酷く冷たい風の渡る、今日は寂しさだけが際立つ屋上に、甲太郎はいた。
九龍が月魅に連れ出されてしまったからなのか、不意に、何とも言えぬ喪失感を覚えてしまって、逃げるように教室を出、誰もいないだろう屋上へ向かった彼は、給水塔に一人凭れ、快晴とは言えぬ空を見た。
ここ暫く天気は良かったのに、昨日辺りから徐々に下り坂に入ったらしく、頭上を行く雲は多く、けれど所々に晴れ間が覗き。

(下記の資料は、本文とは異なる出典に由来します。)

lemma not_beats_middle_and_end:
  assumes "j < k" "t < k" "j \<noteq> t" "w \<in> component j"
  shows "\<not> beats_middle_and_end w t"
proof -
  have "\<not> beats_middle_and_end w ((j + Suc d) mod k)" if "Suc d < k" for d
    using that
  proof (induction d)
    case 0
    then show ?case
      using not_beats_middle_and_end_succ[OF assms(1,4)] by simp
  next
    case (Suc d)
    let ?i = "(j + Suc d) mod k"
    have "?i < k" "j \<noteq> ?i"
      using mod_add_Suc_neq[OF assms(1), of d] Suc.prems by auto
    moreover have "\<not> beats_middle_and_end w ?i"
      using Suc by simp
    ultimately have "\<not> beats_middle_and_end w (succ ?i)"
      using beats_middle_and_end_pred[OF _ assms(1) _ assms(4)] by blast
    moreover have "succ ?i = (j + Suc (Suc d)) mod k"
      by (simp add: mod_Suc_eq)
    ultimately show ?case
      by simp
  qed
  with ex_mod_add_Suc_eq[OF assms(1-3)] show ?thesis
    by blast
qed

lemma not_beaten_by_middle_and_end:
  assumes "j < k" "t < k" "j \<noteq> t" "w \<in> component j"
  shows "\<not> beaten_by_middle_and_end w t"
proof -
  have "\<not> beaten_by_middle_and_end w i"
    if "i < k" "Suc d < k" "w \<in> component ((i + Suc d) mod k)" for i d
    using that
  proof (induction d arbitrary: i)
    case 0
    then show ?case
      using not_beaten_by_middle_and_end_pred by simp
  next
    case (Suc d)
    let ?j = "(i + Suc (Suc d)) mod k"
    have "?j = (succ i + Suc d) mod k"
      unfolding mod_add_left_eq by simp
    then have "\<not> beaten_by_middle_and_end w (succ i)" "?j \<noteq> succ i"
      using Suc.IH[OF succ_less] Suc.prems mod_add_Suc_neq[OF succ_less, of d] by auto
    then show ?case
      using beaten_by_middle_and_end_succ[OF Suc.prems(1) _ _ Suc.prems(3)] two_le_k by auto
  qed
  moreover obtain d where "Suc d < k" "(t + Suc d) mod k = j"
    using ex_mod_add_Suc_eq[OF assms(2,1)] assms(3) by blast
  ultimately show ?thesis
    using assms(2,4) by blast
qed

lemma component_subset_K: "i < k \<Longrightarrow> component i \<subseteq> K"
  by (auto simp: K_set_def)

lemma succ_component_not_second_out_nbr:
  assumes "t < k" "v \<in> component t" "w \<in> component (succ t)"
  shows "w \<notin> second_out_nbr K E v"
proof
  assume "w \<in> second_out_nbr K E v"
  then obtain u where "(v, u) \<in> E" "(u, w) \<in> E" "(v, w) \<notin> E"
    by (rule second_out_nbrE)
  moreover have "(w, v) \<in> E"
    using components_adjacent[OF succ_less assms(1) succ_neq[OF assms(1)] assms(3,2)] calculation(3)
    by blast
  ultimately show False
    using triangle_free_arc_no_triangle[OF succ_to_component_arc_triangle_free[OF assms(1,3,2)]] by blast
qed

まるで、己の心のようだと、アロマに火を点けながら、彼は苦笑する。
あちらこちらに、厚い雲を幾つも漂わせているくせに、間
厚い雲を押し退け、心が晴れ渡る瞬間は、必ず、九龍が傍らにいてくれる時で、けれど彼がいなければ、あっという間に暗雲は帰り来て……──。
「あら。珍しいわね、一人? 九龍は?」
──ぼんやりと空を眺めながら、甲太郎が、自らの今を思っていたら、背後から声が掛かった。
屋上に誰かがやって来たのも、その誰かの正体も、甲太郎は気付いていたから、慌てることなく、声の主を振り仰ぎ。
「俺達だって、年中一緒にいる訳じゃない。金魚の糞じゃあるまいし」
モデルのような立ち姿を披露している、咲重に言った。
「貴方達の何方も、金魚や糞に例えられる程可愛いものじゃないけれど、大抵一緒にいるのは間違いじゃないでしょ?」
だが、素っ気ない甲太郎の声も態度も、さらっと流し、咲重は笑いだけを返した。
「だったら、どうだってんだ。お前には関係ないことだろ」
「ご挨拶ね。折角、九龍の為になることを、教えてあげようかと思ったのに」
「九ちゃんの? ……何だ?」
「…………皆守。貴方って、そんなに判り易い男だったかしら? 九龍のことになると、今までの貴方じゃ有り得ないやる気を見せて、目の色も変えて、持てる物の全てをも使おうとしてみせる。九龍以外のことでは、今まで通りの貴方なのにね。怠そうで、眠そうで、無感動で無関心。血が通ってるとは到底思えないまでなのに。九龍のことだけは別。彼と一緒の時の貴方は、生きた人間にすら見えるわ。……どうしちゃったの?」
クスクスと笑いながら、咲重は、不躾な科白を放り投げ。
「………………………お前には、関係ない」
彼女を見上げたまま、甲太郎は抑揚なく返した。
「お決まりの科白しか言わないわねえ……。貴方からすれば、それは、あたしには関係ないことに思えるんでしょうけど。残念ながら、あたしにはあるの。勿論、あたしと貴方の関係の上で、じゃなくて。あたしと九龍の関係の上に。あたしだって、彼のこと気に入ってるの。阿門様とは違う意味で、あたしのことを救ってくれた九龍には、悲しい想いなんかして欲しくないのよ」
「双樹。何が言いたい?」
「…………貴方が《墓守》だって知ったら、彼はどう思うのかしらね」
「……それこそ……お前には関係ない」
「いい加減、止めなさいな、その科白。────皆守。この期に及んで、何時まで中途半端なことしてるつもり? 貴方、九龍のこと大切に想ってるんでしょ? 彼のこと、守ろうとさえしているのではなくて?」
やり取りが進む度、甲太郎の声は徐々に低くなって、殺気めいたものすら帯び始めたが、咲重は気にすることなく言葉を重ねた。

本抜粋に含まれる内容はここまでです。